But it’s all worthwhile because I just added Airplane Multiengine Land to my ticket! And it doesn’t have the VFR restriction. Too cool!

I just finished the two-day accelerated multi-engine course with Tom Brady of Traverse Air. We flew at Wexford County Airport in Cadillac (KCAD) Saturday and Sunday. Two flights of 2.0 each and four instrument approaches and nine landings Saturday. Sunday was two shorter flights of 1.5 hours each and four instrument approaches and seven landings. Then the checkride Sunday afternoon with 1.2 (pilot in command!) hours, one instrument approach, and two landings.

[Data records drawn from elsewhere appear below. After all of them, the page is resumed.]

theorem proposition2p6:
  fixes C :: "('o, 'm) addcat" and Conf :: "('m \<times> 'm) set"
  assumes "right_exact C Conf" and "axiom_R3 C Conf"
    and "A \<in> Obj C" "B \<in> Obj C" "Ca \<in> Obj C" "X \<in> Obj C" "Y \<in> Obj C" "Z \<in> Obj C"
    and "\<alpha> \<in> hom C A B" "\<beta> \<in> hom C B Ca" "\<xi> \<in> hom C X Y" "\<eta> \<in> hom C Y Z"
    and "a1 \<in> hom C A X" "a2 \<in> hom C X A"
    and "b1 \<in> hom C B Y" "b2 \<in> hom C Y B"
    and "c1 \<in> hom C Ca Z" "c2 \<in> hom C Z Ca"
    and "Comp C a2 a1 = Id C A" "Comp C b2 b1 = Id C B" "Comp C c2 c1 = Id C Ca"
    and "Comp C \<xi> a1 = Comp C b1 \<alpha>" "Comp C \<eta> b1 = Comp C c1 \<beta>"
    and "Comp C \<alpha> a2 = Comp C b2 \<xi>" "Comp C \<beta> b2 = Comp C c2 \<eta>"
    and "(\<xi>, \<eta>) \<in> Conf"
  shows "(\<alpha>, \<beta>) \<in> Conf"
proof -
  have cc: "conflation_category C Conf" using assms(1) unfolding right_exact_def by blast
  interpret pair_retract C A B Ca X Y Z \<alpha> \<beta> \<xi> \<eta> a1 a2 b1 b2 c1 c2
    using preadditive_if_conflation_category[OF cc] assms(9-25) by unfold_locales
  have kc: "kernel_cokernel_pair C \<alpha> \<beta>"
    using cc assms(26) kernel_cokernel_pair unfolding conflation_category_def by blast
  have "deflation Conf \<beta>"
  proof (rule deflation_if_retract[OF assms(1,2) _ _ assms(10,12,16-18,21,25)])
    show "has_kernel C \<beta>" using kc unfolding kernel_cokernel_pair_def has_kernel_def by blast
    show "deflation Conf \<eta>" using assms(26) unfolding deflation_def by blast
  qed
  then show ?thesis by (rule conflation_if_kernel_cokernel_pair[OF cc _ kc])
qed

I also got my complex endorsement as part of the process.

Lots of studying for this. A lot to get into your head in just two days. Here’s the obligatory parking-lot engine failure drill. I think I had just stomped on the ball and was going to full forward on the levers here.

That would be the left engine and prop and, yes, that would be the prop feathered and not turning. We did two or three full-feathered shutdowns throughout the training and the checkride. This is the second one – on the last flight with Tom. Pretty benign, actually. It’s really amazing how much drag you get with a windmilling prop that’s full forward. Other than a fair amount of rudder and some bank into the good engine, it’s pretty much like flying with both engines at lower power once you get the dead engine shut down and feathered.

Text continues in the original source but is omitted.